Chaos Engineering For Humans

October 09, 2022 - Leadership

If you came here about Chaos Engineering for your services, “it’s not what it looks like”.

Chaos Engineering

You might think I just said it’s not about Chaos Engineering, but I’m about to give some kind of definition of Chaos Engineering. Yes, I am.

Our products have become, or maybe better say, have progressed to be, a sum of multiple services and not a monolith service that tries to do everything. Core application, auth service, user service, payments service, prospects service. Name your service here.

The whole system should be resilient.

Unit and end-to-end testing should be in place for each service, but these are done in a predictable way. What I mean by “predictable way” is that we provide a specific input and expect a specific output. And this is what we test.
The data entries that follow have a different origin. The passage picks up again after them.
lemma not_mem_generated_remove:
  assumes "s \<in> S"
  shows "s \<notin> generated_ts G (S - {s})"
proof
  assume "s \<in> generated_ts G (S - {s})"
  then have "S \<subseteq> generated_ts G (S - {s})"
    using subset_generated_ts[of "S - {s}" G] by blast
  then have "T \<subseteq> generated_ts G (S - {s})"
    unfolding generated_generators[symmetric] by (rule generated_ts_subsetI)
  with generated_remove_psubset[OF assms] show False by blast
qed

lemma mem_of_mem_generated_higher_Un:
  assumes "s \<in> S" and "Z \<subseteq> S"
    and "s \<in> generated_ts G (S_ge S (Suc (level s)) \<union> Z)"
  shows "s \<in> Z"
proof (rule ccontr)
  assume "s \<notin> Z"
  with assms(2) have "S_ge S (Suc (level s)) \<union> Z \<subseteq> S - {s}"
    by (auto simp: mem_S_ge_iff)
  with assms(3) have "s \<in> generated_ts G (S - {s})"
    using generated_ts_mono by blast
  with not_mem_generated_remove[OF assms(1)] show False ..
qed

lemma inj_on_level_generated_above: "inj_on (\<lambda>s. (level s, generated_above G S s)) S"
proof (rule inj_onI)
  fix s t
  assume "s \<in> S" and "t \<in> S"
    and eq: "(level s, generated_above G S s) = (level t, generated_above G S t)"
  from eq have level_eq: "level s = level t"
    and above_eq: "generated_above G S s = generated_above G S t"
    by simp_all
  have "t \<in> generated_above G S t"
    unfolding generated_above_def using subset_generated_ts by blast
  then have "t \<in> generated_above G S s"
    unfolding above_eq .
  then have t_mem: "t \<in> generated_ts G (S_ge S (Suc (level t)) \<union> {s})"
    unfolding generated_above_def level_eq .
  have "t \<in> {s}"
    by (rule mem_of_mem_generated_higher_Un[OF \<open>t \<in> S\<close> _ t_mem]) (use \<open>s \<in> S\<close> in simp)
  then show "s = t" by simp
qed

lemma ex_mem_generated_higher_single:
  assumes R: "R \<subseteq> T" "generated_ts G R = T" and s: "s \<in> S"
  shows "\<exists>r\<in>R. level r = level s \<and> s \<in> generated_ts G (S_ge S (Suc (level s)) \<union> {r})"
proof -
  have "s \<in> generated_ts G R"
    using s generators_subset R(2) by blast
  then have "generated_by_higher_and_one G R (level s) s"
    by (rule generated_by_higher_and_one_if_generated[OF R(1)])
  then obtain Z r where Z: "Z \<subseteq> {v \<in> R. level v = level s}" "Z \<subseteq> {r}"
    and "s \<in> generated_ts G (S_ge R (Suc (level s)) \<union> Z)"
    by (rule generated_by_higher_and_oneE)
  moreover have "generated_ts G R = generated_ts G S"
    using R(2) generated_generators by simp
  then have "generated_ts G (S_ge R (Suc (level s)) \<union> Z) = generated_ts G (S_ge S (Suc (level s)) \<union> Z)"
    by (intro generated_ts_Un_cong generated_S_ge_cong[OF R(1) generators_subset])
  ultimately have s_mem: "s \<in> generated_ts G (S_ge S (Suc (level s)) \<union> Z)"
    by simp
  have "Z \<noteq> {}"
  proof
    assume "Z = {}"
    with s_mem have "s \<in> {}"
      by (intro mem_of_mem_generated_higher_Un[OF s, of "{}"]) simp_all
    then show False by simp
  qed
  with Z(2) have "Z = {r}"
    by blast
  with Z(1) s_mem show ?thesis
    by auto
qed

lemma generated_above_exchange:
  assumes s: "s \<in> S" and x: "x \<in> T" "level x = level s"
    and "s \<in> generated_above G S x"
  shows "generated_above G S x = generated_above G S s"
proof -
  let ?H = "S_ge S (Suc (level s))"
  have s_mem: "s \<in> generated_ts G (?H \<union> {x})"
    using \<open>s \<in> generated_above G S x\<close> x(2) unfolding generated_above_def by simp
  have "x \<in> generated_ts G S"
    using x(1) generated_generators by simp
  then have "generated_by_higher_and_one G S (level x) x"
    by (rule generated_by_higher_and_one_if_generated[OF generators_subset])
  then have "generated_by_higher_and_one G S (level s) x"
    unfolding x(2) .
  then obtain Z w where Z: "Z \<subseteq> {v \<in> S. level v = level s}" "Z \<subseteq> {w}"
    and x_mem: "x \<in> generated_ts G (?H \<union> Z)"
    by (rule generated_by_higher_and_oneE)
  have "?H \<union> {x} \<subseteq> generated_ts G (?H \<union> Z)"
    using x_mem subset_generated_ts[of "?H \<union> Z" G] by blast
  then have "generated_ts G (?H \<union> {x}) \<subseteq> generated_ts G (?H \<union> Z)"
    by (rule generated_ts_subsetI)
  with s_mem have "s \<in> generated_ts G (?H \<union> Z)"
    by blast
  then have "s \<in> Z"
    by (rule mem_of_mem_generated_higher_Un[OF s, rotated]) (use Z(1) in auto)
  with Z(2) have "Z = {s}"
    by auto
  with x_mem have x_mem': "x \<in> generated_ts G (?H \<union> {s})"
    by simp
  have "?H \<union> {x} \<subseteq> generated_ts G (?H \<union> {s})"
    using x_mem' subset_generated_ts[of "?H \<union> {s}" G] by blast
  moreover have "?H \<union> {s} \<subseteq> generated_ts G (?H \<union> {x})"
    using s_mem subset_generated_ts[of "?H \<union> {x}" G] by blast
  ultimately show ?thesis
    unfolding generated_above_def x(2) by (rule generated_ts_eqI)
qed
Don’t get me wrong, this is a great state. But what would be the next step?

Here is where Chaos Engineering comes in. The essence is that you create a situation for your whole system, for example, latency or absence of a service. You observe what happens, and then you prioritize improvements.

This helps increase confidence, have a more predictable system and protect customers from a total failure of your system if your 10th service down the road underperforms.

Getting Closer to A Point

What is a team? A group of individuals that work together have an input (a goal), a throughput (their work, processes etc.) and an output (results).

A team is a system.

When all parts work, we have great results. When something is wrong with a part of the system, then the whole system starts to show signs of latency.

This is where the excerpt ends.